How to complete this task
Beginning with the opening line, restate the following material exactly, up through the line that contains "using assms by (auto".

====== Study material

lemma square_class_generator:
  fixes \<theta> a :: real and m :: "complex poly"
  assumes min: "is_min_poly \<rat> (of_real \<theta>) m" and "\<theta> \<noteq> 0" "a \<in> gen_field \<theta>" "a \<noteq> 0"
  obtains x where "x \<in> gen_field \<theta>" "gen_field (x\<^sup>2 / a) = gen_field \<theta>" "x\<^sup>2 / a \<noteq> 1"
proof -
  obtain h :: "complex poly" where h: "poly_over \<rat> h" "poly h (of_real \<theta>) = of_real a"
    using gen_field_rat_poly_value[OF min \<open>a \<in> gen_field \<theta>\<close>] .
  have "m \<noteq> 0"
    using min by (auto simp: is_min_poly_def)
  define c\<theta> :: complex where "c\<theta> = of_real \<theta>"
  define ca :: complex where "ca = of_real a"
  have "c\<theta> \<noteq> 0" "ca \<noteq> 0"
    using assms by (auto simp: c\<theta>_def ca_def)
  \<comment> \<open>The values of \<open>t\<close> to avoid: the roots of \<open>Q r\<close> for the conjugates \<open>r \<noteq> \<theta>\<close>, where \<open>r\<close>
    would be another common root, and the roots of \<open>Q1\<close>, where \<open>u = 1\<close>.\<close>
  define Q where "Q r = [:poly h r - ca, 2 * (poly h r * r - ca * c\<theta>), poly h r * r\<^sup>2 - ca * c\<theta>\<^sup>2:]"
    for r
  have poly_Q: "poly (Q r) s = poly h r * (1 + s * r)\<^sup>2 - ca * (1 + s * c\<theta>)\<^sup>2" for r s
    unfolding Q_def by (simp add: algebra_simps power2_eq_square)
  have Q_nonzero: "Q r \<noteq> 0" if "r \<noteq> c\<theta>" for r
  proof
    assume "Q r = 0"
    then have "poly h r = ca" "poly h r * r = ca * c\<theta>"
      unfolding Q_def by auto
    with \<open>ca \<noteq> 0\<close> that show False
      by simp
  qed
  define Q1 where "Q1 = [:ca - 1, 2 * ca * c\<theta>, ca * c\<theta>\<^sup>2:]"
  have poly_Q1: "poly Q1 s = ca * (1 + s * c\<theta>)\<^sup>2 - 1" for s
    unfolding Q1_def by (simp add: algebra_simps power2_eq_square)
  have "Q1 \<noteq> 0"
    unfolding Q1_def using \<open>c\<theta> \<noteq> 0\<close> \<open>ca \<noteq> 0\<close> by simp
  define Bad where "Bad = (\<Union>r \<in> {z. poly m z = 0} - {c\<theta>}. {s. poly (Q r) s = 0}) \<union> {s. poly Q1 s = 0}"
  have "finite Bad"
    unfolding Bad_def using poly_roots_finite[OF \<open>m \<noteq> 0\<close>] poly_roots_finite[OF Q_nonzero]
      poly_roots_finite[OF \<open>Q1 \<noteq> 0\<close>] by auto
  then obtain t where t: "of_rat t \<notin> Bad"
    by (rule ex_of_rat_notin)
  define x where "x = a * (1 + of_rat t * \<theta>)"
  have u: "x\<^sup>2 / a = a * (1 + of_rat t * \<theta>)\<^sup>2"
    unfolding x_def using \<open>a \<noteq> 0\<close> by (simp add: power2_eq_square)
  have "poly Q1 (of_rat t) = of_real (x\<^sup>2 / a - 1)"
    unfolding poly_Q1 u ca_def c\<theta>_def by (simp flip: of_real_of_rat)
  moreover have "poly Q1 (of_rat t) \<noteq> 0"
    using t unfolding Bad_def by auto
  ultimately have "x\<^sup>2 / a \<noteq> 1"
    by auto
  have "poly (Q z) (of_rat t) = poly h z * (1 + of_rat t * z)\<^sup>2 - of_real (x\<^sup>2 / a)" for z
    unfolding poly_Q u ca_def c\<theta>_def by (simp add: mult.commute flip: of_real_of_rat)
  then have "\<theta> \<in> gen_field (x\<^sup>2 / a)"
    unfolding u using t unfolding Bad_def c\<theta>_def
    by (intro mem_gen_field_scaled_square[OF min h]) auto
  interpret T: subfield "gen_field \<theta>"
    by (rule subfield_gen_field)
  have "x \<in> gen_field \<theta>"
    unfolding x_def using \<open>a \<in> gen_field \<theta>\<close> gen_field_self[of \<theta>]
    by (intro T.mult_mem T.add_mem T.one_mem T.of_rat_mem)
  then have "x\<^sup>2 / a \<in> gen_field \<theta>"
    using \<open>a \<in> gen_field \<theta>\<close> by (intro T.divide_mem T.power_mem)
  with \<open>\<theta> \<in> gen_field (x\<^sup>2 / a)\<close> have "gen_field (x\<^sup>2 / a) = gen_field \<theta>"
    by (rule gen_field_eqI)
  with \<open>x \<in> gen_field \<theta>\<close> \<open>x\<^sup>2 / a \<noteq> 1\<close> show thesis
    using that by blast
qed
lemma abs_rewire_gen_le:
  assumes "\<forall>s. \<bar>f s\<bar> \<le> B"
  shows "\<bar>rewire_gen n d \<nu> f (G, z)\<bar> \<le> rewire_rate_bound n d \<nu> * (2 * B)"
proof -
  have "0 \<le> B" using assms by (meson abs_ge_zero order_trans)
  have "\<bar>rewire_gen n d \<nu> f (G, z)\<bar>
      \<le> real (card (rewire_pairs n d G)) * rewire_rate n d \<nu> * (2 * B)"
    unfolding rewire_gen_eq
    by (rule abs_sum_jumps_le[OF rewire_rate_nonneg assms, where h = "\<lambda>p. (rewire G (fst p) (snd p), z)"])
  also have "\<dots> \<le> rewire_rate_bound n d \<nu> * (2 * B)"
    unfolding rewire_rate_bound_def using card_rewire_pairs_le rewire_rate_nonneg \<open>0 \<le> B\<close>
    by (intro mult_right_mono) (simp_all only: of_nat_le_iff mult_nonneg_nonneg zero_le_numeral)
  finally show ?thesis .
qed

lemma rewire_gen_shift_nonneg:
  assumes "\<forall>s. 0 \<le> f s"
  shows "0 \<le> rewire_gen n d \<nu> f (G, z) + rewire_rate_bound n d \<nu> * f (G, z)"
proof -
  have "0 \<le> rewire_gen n d \<nu> f (G, z) + real (card (rewire_pairs n d G)) * rewire_rate n d \<nu> * f (G, z)"
    unfolding rewire_gen_eq
    by (rule sum_jumps_shift_nonneg[OF rewire_rate_nonneg assms, where h = "\<lambda>p. (rewire G (fst p) (snd p), z)"])
  also have "\<dots> \<le> rewire_gen n d \<nu> f (G, z) + rewire_rate_bound n d \<nu> * f (G, z)"
    unfolding rewire_rate_bound_def using card_rewire_pairs_le rewire_rate_nonneg assms
    by (intro add_left_mono mult_right_mono) (simp_all only: of_nat_le_iff)
  finally show ?thesis .
qed

lemma abs_sum_neighbour_jumps_le:
  assumes "\<forall>s. \<bar>f s\<bar> \<le> B"
  shows "\<bar>\<Sum>i<d. 1 / real d * (f (h i) - f q)\<bar> \<le> 2 * B"
  using abs_sum_jumps_le[where r = "1 / real d" and I = "{..<d}"] assms d_pos by simp

lemma sum_neighbour_jumps_shift_nonneg:
  assumes "\<forall>s. 0 \<le> f s"
  shows "0 \<le> (\<Sum>i<d. 1 / real d * (f (h i) - f q)) + f q"
  using sum_jumps_shift_nonneg[where r = "1 / real d" and I = "{..<d}"] assms d_pos by simp

definition generator_bound :: real where
  "generator_bound = 2 * rewire_rate_bound n d \<nu> + 2 * real n + 4"

lemma voter_gen_bounded: "bounded_op (voter_gen n d \<nu>) generator_bound"
  unfolding bounded_op_def
proof (intro allI impI)
  fix f :: "graph \<times> (nat \<Rightarrow> bool) \<Rightarrow> real" and B :: real and p :: "graph \<times> (nat \<Rightarrow> bool)"
  assume f: "\<forall>s. \<bar>f s\<bar> \<le> B"
  obtain G \<eta> where p: "p = (G, \<eta>)" by fastforce
  have "0 \<le> B" using f by (meson abs_ge_zero order_trans)
  have "\<bar>\<Sum>x<n. \<Sum>i<d. 1 / real d * (f (G, \<eta>(x := \<eta> (nbr G x i))) - f (G, \<eta>))\<bar>
      \<le> real (card {..<n}) * (2 * B)"
    by (intro order_trans[OF sum_abs] sum_bounded_above abs_sum_neighbour_jumps_le[OF f])
  then show "\<bar>voter_gen n d \<nu> f p\<bar> \<le> generator_bound * B"
    unfolding p voter_gen_def generator_bound_def using abs_rewire_gen_le[OF f, of G \<eta>] \<open>0 \<le> B\<close>
    by (simp add: algebra_simps)
qed

lemma walk_stop_gen_bounded: "bounded_op (walk_stop_gen n d \<nu>) generator_bound"
  unfolding bounded_op_def
proof (intro allI impI)
  fix f :: "graph \<times> (nat \<times> nat) \<Rightarrow> real" and B :: real and p :: "graph \<times> (nat \<times> nat)"
  assume f: "\<forall>s. \<bar>f s\<bar> \<le> B"
  obtain G X Y where p: "p = (G, X, Y)" by (metis prod.exhaust)
  have "0 \<le> B" using f by (meson abs_ge_zero order_trans)
  show "\<bar>walk_stop_gen n d \<nu> f p\<bar> \<le> generator_bound * B"
    unfolding p walk_stop_gen_def generator_bound_def
    using abs_rewire_gen_le[OF f, of G "(X, Y)"] \<open>0 \<le> B\<close>
      abs_sum_neighbour_jumps_le[OF f, of "\<lambda>i. (G, nbr G X i, Y)" "(G, X, Y)"]
      abs_sum_neighbour_jumps_le[OF f, of "\<lambda>i. (G, X, nbr G Y i)" "(G, X, Y)"]
    by (simp add: algebra_simps) (smt (verit) mult_nonneg_nonneg of_nat_0_le_iff)
qed

lemma generator_bound_nonneg: "0 \<le> generator_bound"
  unfolding generator_bound_def using rewire_rate_bound_nonneg by simp

sublocale voter: bounded_generator "voter_gen n d \<nu>" generator_bound
  by unfold_locales (rule voter_gen_linear voter_gen_bounded generator_bound_nonneg)+

sublocale walk: bounded_generator "walk_stop_gen n d \<nu>" generator_bound
  by unfold_locales (rule walk_stop_gen_linear walk_stop_gen_bounded generator_bound_nonneg)+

============

Answer
lemma square_class_generator:
  fixes \<theta> a :: real and m :: "complex poly"
  assumes min: "is_min_poly \<rat> (of_real \<theta>) m" and "\<theta> \<noteq> 0" "a \<in> gen_field \<theta>" "a \<noteq> 0"
  obtains x where "x \<in> gen_field \<theta>" "gen_field (x\<^sup>2 / a) = gen_field \<theta>" "x\<^sup>2 / a \<noteq> 1"
proof -
  obtain h :: "complex poly" where h: "poly_over \<rat> h" "poly h (of_real \<theta>) = of_real a"
    using gen_field_rat_poly_value[OF min \<open>a \<in> gen_field \<theta>\<close>] .
  have "m \<noteq> 0"
    using min by (auto simp: is_min_poly_def)
  define c\<theta> :: complex where "c\<theta> = of_real \<theta>"
  define ca :: complex where "ca = of_real a"
  have "c\<theta> \<noteq> 0" "ca \<noteq> 0"
    using assms by (auto simp: c\<theta>_def ca_def)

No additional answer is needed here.